Studies hebben aangetoond dat hoe groter de brosheid van het werkstukmateriaal (hoe kleiner de breukrekwaarde), hoe groter de spaandikte, en hoe groter de spaankrulradius, hoe gemakkelijker het is voor de spaan om te breken. Om de chips te controleren kunnen de volgende maatregelen worden genomen. 1) Spaanbreker wordt gebruikt. Door het instellen van de spaanbreker wordt er een bepaalde bindkracht uitgeoefend op de spanen in de stroom, waardoor de spaanspanning toeneemt en de spaankrulradius afneemt. De maatparameters van de spaanbreker moeten worden aangepast aan de grootte van de snijhoeveelheid, anders wordt het spaanbreekeffect beïnvloed. Veelgebruikte dwarsdoorsnedevormen voor spaanbrekers zijn polylijn, recht, boog en volledige boog, zoals weergegeven in figuur 1-9. Wanneer de spaanhoek groot is, is de sterkte van het gereedschap met een spaanbreker met volledige boog beter. Er zijn drie soorten spaanbrekers aan de voorkant: parallel, naar buiten en naar binnen, zoals weergegeven in afbeelding 1-10. Het externe, schuine type vormt vaak C-vormige spanen en 6-vormige spanen, die spaanbreuk kunnen bewerkstelligen in een breed scala aan snijhoeveelheden;
1) er wordt een spaanbreker gebruikt. Door het instellen van de spaanbreker wordt er een bepaalde bindkracht uitgeoefend op de spanen in de stroom, waardoor de spaanspanning toeneemt en de spaankrulradius afneemt. De maatparameters van de spaanbreker moeten worden aangepast aan de grootte van de snijhoeveelheid, anders wordt het spaanbreekeffect beïnvloed. Veelgebruikte dwarsdoorsnedevormen voor spaanbrekers zijn polylijn, recht, boog en volledige boog, zoals weergegeven in figuur 1-9. Wanneer de spaanhoek groot is, is de sterkte van het gereedschap met een spaanbreker met volledige boog beter. Er zijn drie soorten spaanbrekers aan de voorkant: parallel, naar buiten en naar binnen, zoals weergegeven in afbeelding 1-10. Het externe, schuine type vormt vaak C-vormige spanen en 6-vormige spanen, die spaanbreuk kunnen bewerkstelligen in een breed scala aan snijhoeveelheden; Het interne schuine type vormt vaak lange, strakke schroefspiralen, maar het spaanbreekbereik is smal; Het parallelle spaanbreekbereik ligt daar ergens tussenin.

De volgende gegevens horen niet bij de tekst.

(* Let $\mathbb{X},\mathbb{Y}$ be finite-dimensional real Hilbert spaces, $f:\mathbb{X}\to(-\infty,\infty]$ and $g:\mathbb{Y}\to(-\infty,\infty]$ proper, convex and lower semicontinuous, $K:\mathbb{X}\to\mathbb{Y}$ linear, and $h:\mathbb{X}\to\mathbb{R}$ convex and differentiable with $\bar L$-Lipschitz gradient. Assume (A1) below holds and that $g^*$ is strongly convex with modulus $\gamma_{g^*}>0$ and $h$ is strongly convex with modulus $\gamma_h>0$. Let $\{(z_n,x_n,w_n,y_n,\tau_n)\}$ be generated by the P-GRPDA algorithm described in the context, and suppose $\{(x_n,y_n)\}$ converges to the unique primal-dual solution $(\bar x,\bar y)$. Then there exist constants $V_1,V_2,Z>0$, a scalar $\zeta\in(0,1)$ and a natural number $n_4$ such that for all $n\ge n_4$, $$\|\bar x-z_{n+2}\|^2\le Z\zeta^n,\qquad\|\bar y-y_n\|^2\le V_1\zeta^n,\qquad\|x_n-x_{n+1}\|^2\le V_2\zeta^n,$$ and thus $\{(x_n,y_n)\}$ converges R-linearly to $(\bar x,\bar y)$.
   Context: $\phi=\frac{1+\sqrt5}{2}$; $K^*$ adjoint of $K$; $g^*$ Fenchel conjugate of $g$; $\operatorname{prox}_{\lambda f}(x)=\arg\min_{u}\{f(u)+\frac{1}{2\lambda}\|u-x\|^2\}$. (A1): the saddle point problem $\min_{x}\max_{y}\mathbb{L}(x,y):=f(x)+h(x)+\langle Kx,y\rangle-g^*(y)$ has a nonempty solution set, and $0\in\operatorname{ri}(K(\operatorname{dom}f)-\operatorname{dom}g)$ (ri = relative interior). (The paper also assumes the proximal maps of $f,g$ are efficiently computable.) A primal-dual solution is a saddle point $(\bar x,\bar y)$ of $\mathbb{L}$. Strong convexity: $h(y)-h(z)\ge\langle\nabla h(z),y-z\rangle+\frac{\gamma_h}{2}\|y-z\|^2$ for all $y,z$; $g^*(y)-g^*(z)\ge\langle u,y-z\rangle+\frac{\gamma_{g^*}}{2}\|y-z\|^2$ for all $y,z$ and all $u\in\partial g^*(z)$. A sequence $v_n$ converges R-linearly to $v$ if $\|v_n-v\|\le M\epsilon_n$ for all large $n$ with some $M>0$ and some sequence $\epsilon_n$ converging Q-linearly to $0$ (i.e. $|\epsilon_{n+1}|\le q|\epsilon_n|$ for large $n$, some $q\in(0,1)$). P-GRPDA: choose $x_0\in\mathbb{X}$, $y_0\in\mathbb{Y}$, set $z_0=x_0$, choose $\beta>0$, $\psi\in(1,\phi]$, $0<2\mu'<\mu<\psi/2$, $\tau_0>0$. For $n=1,2,\dots$: $z_n=\frac{\psi-1}{\psi}x_{n-1}+\frac1\psi z_{n-1}$; $x_n=\operatorname{prox}_{\tau_{n-1}f}\big(z_n-\tau_{n-1}K^*y_{n-1}-\tau_{n-1}\nabla h(x_{n-1})\big)$; $\tau_n=\min\left\{\tau_{n-1},\ \frac{\mu\|x_n-x_{n-1}\|}{\sqrt\beta\|Kx_n-Kx_{n-1}\|},\ \frac{\mu'\|x_n-x_{n-1}\|}{\|\nabla h(x_n)-\nabla h(x_{n-1})\|}\right\}$, $\sigma_n=\beta\tau_n$; $w_n=\operatorname{prox}_{\frac{1}{\sigma_n}g}\big(\frac{y_{n-1}}{\sigma_n}+Kx_n\big)$; $y_n=y_{n-1}+\sigma_n(Kx_n-w_n)$. Conventions in the $\tau_n$ update: $1/0=\infty$ (a term with zero denominator and nonzero numerator is ignored) and $0/0=\infty$ (so $\tau_n=\tau_{n-1}$ if $x_n=x_{n-1}$). *)

theory Defs
  imports "HOL-Analysis.Analysis"
begin
theorem lemma2:
  fixes H :: nat and layer :: "'s::finite \<Rightarrow> nat" and s0 :: 's and Rw :: "real set"
    and P :: "'s \<Rightarrow> 'a::finite \<Rightarrow> 's \<Rightarrow> real" and R :: "'s \<Rightarrow> 'a \<Rightarrow> real \<Rightarrow> real"
    and D :: "('s, 'a) traj list" and \<pi> :: "'s \<Rightarrow> 'a \<Rightarrow> real"
    and eps_P eps_r r_max :: real
  assumes mdp: "is_mdp H layer s0 Rw P R"
    and data: "\<forall>\<tau>\<in>set D. traj_in_mdp P R \<tau>"
    and pol: "is_policy \<pi>"
    and bc: "batch_constrained D \<pi>"
    and hP: "\<forall>s a. rho_sa H layer s0 (P_data D) \<pi> s a > 0 \<longrightarrow>
               (\<Sum>s'\<in>UNIV. \<bar>P_data D s a s' - P s a s'\<bar>) \<le> eps_P"
    and hr: "\<forall>s a. rho_sa H layer s0 (P_data D) \<pi> s a > 0 \<longrightarrow>
               \<bar>mean_reward Rw (R_data D) s a - mean_reward Rw R s a\<bar> \<le> eps_r"
    and hmax: "\<forall>s a. max (mean_reward Rw (R_data D) s a) (mean_reward Rw R s a) \<le> r_max"
  shows "\<bar>J H s0 Rw (P_data D) (R_data D) \<pi> - J H s0 Rw P R \<pi>\<bar>
           \<le> real H * eps_r + real H * (real H - 1) * r_max / 2 * eps_P"
proof -
  have s0: "layer s0 = 0" and P: "substochastic P" and "Rw \<subseteq> {0..}" and "\<And>s a r. 0 \<le> R s a r"
    using mdp unfolding is_mdp_def substochastic_def by auto
  have visited: "0 < rho_sa H layer s0 (P_data D) \<pi> s a"
    if "h < H" "0 < state_dist (P_data D) \<pi> s0 h s" "0 < \<pi> s a" for h s a
    using rho_sa_pos[OF s0 layered_P_data[OF mdp data] that] .
  have "\<bar>value_fn Rw (P_data D) (R_data D) \<pi> H s0 - value_fn Rw P R \<pi> H s0\<bar>
      \<le> real H * eps_r + real H * (real H - 1) * r_max / 2 * eps_P"
  proof (rule simulation_lemma[OF substochastic_P_data P pol])
    show "0 \<le> mean_reward Rw R s a" for s a
      by (rule mean_reward_nonneg) fact+
    show "mean_reward Rw R s a \<le> r_max" for s a
      using hmax by simp
    show "\<bar>mean_reward Rw (R_data D) s a - mean_reward Rw R s a\<bar> \<le> eps_r"
      if "h < H" "0 < state_dist (P_data D) \<pi> s0 h s" "0 < \<pi> s a" for h s a
      using hr visited[OF that] by blast
    show "(\<Sum>s'\<in>UNIV. \<bar>P_data D s a s' - P s a s'\<bar>) \<le> eps_P"
      if "h < H" "0 < state_dist (P_data D) \<pi> s0 h s" "0 < \<pi> s a" for h s a
      using hP visited[OF that] by blast
  qed
  then show ?thesis
    unfolding J_def .
qed

end
lemma (in prob_space) abs_expectation_diff_le_moment:
  fixes V :: "'a \<Rightarrow> 'b::euclidean_space" and f g :: "'b \<Rightarrow> real"
  assumes [measurable]: "V \<in> borel_measurable M" "f \<in> borel_measurable borel" "g \<in> borel_measurable borel"
    and "integrable M (\<lambda>\<omega>. norm (V \<omega>) powr m)" "expectation (\<lambda>\<omega>. norm (V \<omega>) powr m) \<le> C"
    and "\<And>u. \<bar>g u\<bar> \<le> B" "\<And>u. \<bar>f u - g u\<bar> \<le> \<eta> * norm u powr m" "0 \<le> \<eta>"
  shows "integrable M (\<lambda>\<omega>. f (V \<omega>))"
    and "\<bar>expectation (\<lambda>\<omega>. f (V \<omega>)) - expectation (\<lambda>\<omega>. g (V \<omega>))\<bar> \<le> \<eta> * C"
proof -
  have int_g: "integrable M (\<lambda>\<omega>. g (V \<omega>))"
    using assms(6) by (intro integrable_const_bound[where B = B]) auto
  have int_bound: "integrable M (\<lambda>\<omega>. \<eta> * norm (V \<omega>) powr m)"
    using assms(4) by simp
  have int_diff: "integrable M (\<lambda>\<omega>. f (V \<omega>) - g (V \<omega>))"
    using assms(7) by (intro Bochner_Integration.integrable_bound[OF int_bound] AE_I2)
      (auto intro: order_trans[OF _ abs_ge_self])
  show "integrable M (\<lambda>\<omega>. f (V \<omega>))"
    using Bochner_Integration.integrable_add[OF int_diff int_g] by simp
  then have "\<bar>expectation (\<lambda>\<omega>. f (V \<omega>)) - expectation (\<lambda>\<omega>. g (V \<omega>))\<bar>
      = \<bar>expectation (\<lambda>\<omega>. f (V \<omega>) - g (V \<omega>))\<bar>"
    using int_g by simp
  also have "\<dots> \<le> expectation (\<lambda>\<omega>. \<bar>f (V \<omega>) - g (V \<omega>)\<bar>)"
    using integral_norm_bound[of M "\<lambda>\<omega>. f (V \<omega>) - g (V \<omega>)"] by simp
  also have "\<dots> \<le> expectation (\<lambda>\<omega>. \<eta> * norm (V \<omega>) powr m)"
    using int_diff int_bound assms(7) by (intro integral_mono integrable_abs) auto
  also have "\<dots> \<le> \<eta> * C"
    using assms(5,8) by (simp add: mult_left_mono)
  finally show "\<bar>expectation (\<lambda>\<omega>. f (V \<omega>)) - expectation (\<lambda>\<omega>. g (V \<omega>))\<bar> \<le> \<eta> * C" .
qed

lemma conv_in_distr_integral_tendsto_if_moments_bounded:
  fixes Y :: "'i \<Rightarrow> 'a \<Rightarrow> 'b::euclidean_space" and f :: "'b \<Rightarrow> real"
  assumes "prob_space M" "F \<noteq> bot" "conv_in_distr M F Y U" "U \<in> borel_measurable M" "m > 0"
    and moments: "eventually (\<lambda>T. Y T \<in> borel_measurable M \<and> integrable M (\<lambda>\<omega>. norm (Y T \<omega>) powr m)
           \<and> integral\<^sup>L M (\<lambda>\<omega>. norm (Y T \<omega>) powr m) \<le> C) F"
    and "continuous_on UNIV f" "((\<lambda>u. \<bar>f u\<bar> / norm u powr m) \<longlongrightarrow> 0) at_infinity"
  shows "((\<lambda>T. integral\<^sup>L M (\<lambda>\<omega>. f (Y T \<omega>))) \<longlongrightarrow> integral\<^sup>L M (\<lambda>\<omega>. f (U \<omega>))) F"
proof (rule tendstoI)
  interpret prob_space M by fact
  have f_meas: "f \<in> borel_measurable borel"
    using assms(7) by (rule borel_measurable_continuous_onI)
  have cont_moment: "continuous_on UNIV (\<lambda>u::'b. norm u powr m)"
    using \<open>m > 0\<close> by (intro continuous_on_powr' continuous_intros) auto
  then have U_moment: "integrable M (\<lambda>\<omega>. norm (U \<omega>) powr m) \<and> expectation (\<lambda>\<omega>. norm (U \<omega>) powr m) \<le> C"
    using conv_in_distr_integral_le[OF assms(1-4) cont_moment _ moments] by simp
  fix \<epsilon> :: real assume "\<epsilon> > 0"
  define \<eta> where "\<eta> = \<epsilon> / (3 * (\<bar>C\<bar> + 1))"
  have "0 < \<eta>" "\<eta> * C < \<epsilon> / 3"
    using \<open>\<epsilon> > 0\<close> by (auto simp: \<eta>_def field_simps) (cases "C \<ge> 0"; simp add: algebra_simps)
  obtain g where g: "continuous_on UNIV g" "bounded (range g)" "\<And>u. \<bar>f u - g u\<bar> \<le> \<eta> * norm u powr m"
    using bounded_continuous_approximation[OF assms(7,8) \<open>0 < \<eta>\<close>] by blast
  then obtain B where B: "\<And>u. \<bar>g u\<bar> \<le> B" by (auto simp: bounded_iff)
  have g_meas: "g \<in> borel_measurable borel"
    using g(1) by (rule borel_measurable_continuous_onI)
  note approx = abs_expectation_diff_le_moment(2)[OF _ f_meas g_meas _ _ B g(3) less_imp_le[OF \<open>0 < \<eta>\<close>]]
  have "((\<lambda>T. expectation (\<lambda>\<omega>. g (Y T \<omega>))) \<longlongrightarrow> expectation (\<lambda>\<omega>. g (U \<omega>))) F"
    using assms(3) g unfolding conv_in_distr_def by blast
  then have "eventually (\<lambda>T. dist (expectation (\<lambda>\<omega>. g (Y T \<omega>))) (expectation (\<lambda>\<omega>. g (U \<omega>))) < \<epsilon> / 3) F"
    using \<open>\<epsilon> > 0\<close> by (intro tendstoD) auto
  with moments show "eventually (\<lambda>T. dist (expectation (\<lambda>\<omega>. f (Y T \<omega>))) (expectation (\<lambda>\<omega>. f (U \<omega>))) < \<epsilon>) F"
  proof eventually_elim
    case (elim T)
    have "\<bar>expectation (\<lambda>\<omega>. f (Y T \<omega>)) - expectation (\<lambda>\<omega>. g (Y T \<omega>))\<bar> \<le> \<eta> * C"
      using elim by (intro approx) auto
    moreover have "\<bar>expectation (\<lambda>\<omega>. f (U \<omega>)) - expectation (\<lambda>\<omega>. g (U \<omega>))\<bar> \<le> \<eta> * C"
      using U_moment assms(4) by (intro approx) auto
    ultimately show ?case
      using elim \<open>\<eta> * C < \<epsilon> / 3\<close> unfolding dist_real_def abs_le_iff abs_less_iff by linarith
  qed
qed
(* Let $G$ be a weakly-reversible chemical reaction network in $s$ species and $\mathbf{k}$ a field of characteristic zero. If $G$ is atomic, then the ideal $(\mathcal{E}_G)\subseteq\mathbf{k}[x_1,\dots,x_s]$ is prime.
   Context: A chemical reaction network (CRN) consists of positive integers $s,n$, a finite directed graph $G$ with vertex set $\{1,\dots,n\}$ and edge set $E(G)$, and an injective labeling of vertex $i$ by a monic monomial $\psi_i=\prod_{j=1}^s x_j^{y_{ij}}$. $G$ is weakly-reversible iff each connected component is strongly connected. The associated event-system $\mathcal{E}_G$ is the set of binomials $\psi_i-\psi_j$, one for each pair $\{i,j\}$ with $(i,j)\in E(G)$ or $(j,i)\in E(G)$, and $(\mathcal{E}_G)$ is the ideal it generates. The event-graph $\overline{G}$ has as vertices all monic monomials in $x_1,\dots,x_s$ (including $1$), with an edge $(N\psi_i,N\psi_j)$ for each $(i,j)\in E(G)$ and each monic monomial $N$. The atoms of $G$ are the variables $x_i$ that are isolated vertices of $\overline{G}$. An atomic monomial is a monic monomial all of whose variables are atoms. $G$ is atomic iff every connected component of $\overline{G}$ contains exactly one atomic monomial. *)

theory Defs
  imports Main "HOL-Library.Poly_Mapping"
begin

text \<open>Monomials in variables x_0,...,x_(s-1) are exponent vectors  nat =>0 nat  with
 Poly_Mapping.keys among {..<s}; multiplication of monomials is addition of exponent vectors.
 Polynomials over k are  (nat =>0 nat) =>0 k (the convolution ring structure of Poly_Mapping).\<close>

type_synonym monom = "nat \<Rightarrow>\<^sub>0 nat"
type_synonym 'k mpoly = "monom \<Rightarrow>\<^sub>0 'k"
lemma knapsack_threshold_exists:
  fixes c \<beta> :: "'i \<Rightarrow> real" and K0 :: real
  assumes "finite I" and c: "\<And>i. i \<in> I \<Longrightarrow> 0 \<le> c i" and \<beta>: "\<And>i. i \<in> I \<Longrightarrow> 0 \<le> \<beta> i"
    and "0 \<le> K0" and "K0 \<le> sum c I"
  obtains b where "b \<in> insert 0 (\<beta> ` I)"
    and "(\<Sum>i\<in>{i\<in>I. b < \<beta> i}. c i) \<le> K0"
    and "K0 \<le> (\<Sum>i\<in>{i\<in>I. b \<le> \<beta> i}. c i)"
proof -
  define X where "X = {x \<in> insert 0 (\<beta> ` I). K0 \<le> (\<Sum>i\<in>{i\<in>I. x \<le> \<beta> i}. c i)}"
  have "{i\<in>I. 0 \<le> \<beta> i} = I" using \<beta> by auto
  then have "0 \<in> X" using \<open>K0 \<le> sum c I\<close> by (simp add: X_def)
  moreover have "finite X" using \<open>finite I\<close> by (simp add: X_def)
  ultimately have "Max X \<in> X" and Max_ge: "\<And>x. x \<in> X \<Longrightarrow> x \<le> Max X"
    by (auto intro: Max_in)
  moreover have "(\<Sum>i\<in>{i\<in>I. Max X < \<beta> i}. c i) \<le> K0"
  proof (rule ccontr)
    \<comment> \<open>otherwise the next ratio above Max X would also lie in X\<close>
    define U where "U = {i\<in>I. Max X < \<beta> i}"
    assume "\<not> sum c U \<le> K0"
    with \<open>0 \<le> K0\<close> have "U \<noteq> {}" by auto
    moreover have "finite U" using \<open>finite I\<close> by (simp add: U_def)
    ultimately have "Min (\<beta> ` U) \<in> \<beta> ` U" and "\<And>i. i \<in> U \<Longrightarrow> Min (\<beta> ` U) \<le> \<beta> i"
      by auto
    then have "Max X < Min (\<beta> ` U)" and "{i\<in>I. Min (\<beta> ` U) \<le> \<beta> i} = U"
      by (fastforce simp: U_def)+
    with \<open>\<not> sum c U \<le> K0\<close> \<open>Min (\<beta> ` U) \<in> \<beta> ` U\<close> have "Min (\<beta> ` U) \<in> X"
      by (auto simp: X_def U_def)
    with Max_ge \<open>Max X < Min (\<beta> ` U)\<close> show False by fastforce
  qed
  ultimately show thesis by (intro that[of "Max X"]) (auto simp: X_def)
qed

lemma fractional_knapsack_duality:
  fixes c \<beta> :: "'i \<Rightarrow> real" and K0 :: real
  assumes "finite I" and c: "\<And>i. i \<in> I \<Longrightarrow> 0 \<le> c i" and \<beta>: "\<And>i. i \<in> I \<Longrightarrow> 0 \<le> \<beta> i"
    and "0 \<le> K0"
  obtains \<theta> b where "\<And>i. i \<in> I \<Longrightarrow> 0 \<le> \<theta> i \<and> \<theta> i \<le> 1"
    and "(\<Sum>i\<in>I. (1 - \<theta> i) * c i) \<le> K0"
    and "b \<in> insert 0 (\<beta> ` I)"
    and "(\<Sum>i\<in>I. \<theta> i * c i * \<beta> i) \<le> (\<Sum>i\<in>I. c i * min (\<beta> i) b) - b * K0"
proof (cases "sum c I \<le> K0")
  case True
  have "(\<Sum>i\<in>I. c i * min (\<beta> i) 0) = 0" using \<beta> by (simp add: min_absorb2)
  with True show thesis by (intro that[of "\<lambda>_. 0" 0]) auto
next
  case False
  then have "K0 \<le> sum c I" by simp
  then obtain b where b: "b \<in> insert 0 (\<beta> ` I)"
    and "(\<Sum>i\<in>{i\<in>I. b < \<beta> i}. c i) \<le> K0" "K0 \<le> (\<Sum>i\<in>{i\<in>I. b \<le> \<beta> i}. c i)"
    using knapsack_threshold_exists[of I c \<beta> K0, OF assms] by blast
  then obtain \<theta> where "\<And>i. i \<in> I \<Longrightarrow> 0 \<le> \<theta> i \<and> \<theta> i \<le> 1"
    and "(\<Sum>i\<in>I. (1 - \<theta> i) * c i) = K0"
    and "(\<Sum>i\<in>I. \<theta> i * c i * \<beta> i) = (\<Sum>i\<in>I. c i * min (\<beta> i) b) - b * K0"
    using knapsack_solution_at_threshold[of I c b, OF \<open>finite I\<close> c] by blast
  with b show thesis by (intro that[of \<theta> b]) auto
qed

lemma basket_call_le_static_hedge:
  fixes w x K \<theta> :: "'i \<Rightarrow> real" and K0 :: real
  assumes "\<And>i. i \<in> I \<Longrightarrow> 0 \<le> w i" "\<And>i. i \<in> I \<Longrightarrow> 0 \<le> K i" "\<And>i. i \<in> I \<Longrightarrow> 0 \<le> x i"
    and "\<And>i. i \<in> I \<Longrightarrow> 0 \<le> \<theta> i \<and> \<theta> i \<le> 1"
    and budget: "(\<Sum>i\<in>I. (1 - \<theta> i) * (w i * K i)) \<le> K0"
  shows "max ((\<Sum>i\<in>I. w i * x i) - K0) 0
    \<le> (\<Sum>i\<in>I. w i * max (x i - K i) 0 + \<theta> i * w i * min (x i) (K i))"
proof -
  have "w i * x i \<le> w i * max (x i - K i) 0 + \<theta> i * w i * min (x i) (K i) + (1 - \<theta> i) * (w i * K i)"
    if "i \<in> I" for i
  proof -
    have "w i * x i = w i * max (x i - K i) 0 + \<theta> i * w i * min (x i) (K i)
        + (1 - \<theta> i) * w i * min (x i) (K i)"
      by (simp add: algebra_simps max_def min_def)
    also have "(1 - \<theta> i) * w i * min (x i) (K i) \<le> (1 - \<theta> i) * w i * K i"
      using assms(1,4) that by (intro mult_left_mono) auto
    finally show ?thesis by (simp add: mult.assoc)
  qed
  then have "(\<Sum>i\<in>I. w i * x i)
      \<le> (\<Sum>i\<in>I. w i * max (x i - K i) 0 + \<theta> i * w i * min (x i) (K i) + (1 - \<theta> i) * (w i * K i))"
    by (rule sum_mono)
  then have "(\<Sum>i\<in>I. w i * x i) - K0
      \<le> (\<Sum>i\<in>I. w i * max (x i - K i) 0 + \<theta> i * w i * min (x i) (K i))"
    using budget by (simp add: sum.distrib)
  moreover have "0 \<le> (\<Sum>i\<in>I. w i * max (x i - K i) 0 + \<theta> i * w i * min (x i) (K i))"
    using assms(1-4) by (intro sum_nonneg) simp
  ultimately show ?thesis by simp
qed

2) Wijzig de gereedschapshoek. Het vergroten van de intredehoek en de snijdikte van het gereedschap is bevorderlijk voor het breken van de spaan. Kleinere gereedschapsharkhoek, spanen breken gemakkelijk. De hellingshoek van het blad λ kan de stroomrichting van de spanen regelen, ^. Wanneer de waarde positief is, worden de spanen vaak gekruld en gebroken nadat ze de achterkant raken om C-vormige spanen te vormen of vloeien ze op natuurlijke wijze naar buiten om spiraalvormige spanen te vormen: wanneer de invoer negatief is, worden de spanen vaak gekruld en gebroken in C-vormige spanen of 6 nadat ze de machinaal bewerkte oppervlaktespanen hebben geraakt.
3) Pas de hoeveelheid snijwerk aan. Het verhogen van de voeding vergroot de snijdikte, wat gunstig is voor de spaanbreking: maar de toename verhoogt de ruwheidswaarde van het bewerkte oppervlak. Het op de juiste wijze verlagen van de snijsnelheid vergroot de snijvervorming en is ook goed voor de spaanbreking, maar dit zal de efficiëntie van de materiaalverwijdering verminderen. De snijhoeveelheid moet op de juiste manier worden geselecteerd op basis van de werkelijke omstandigheden.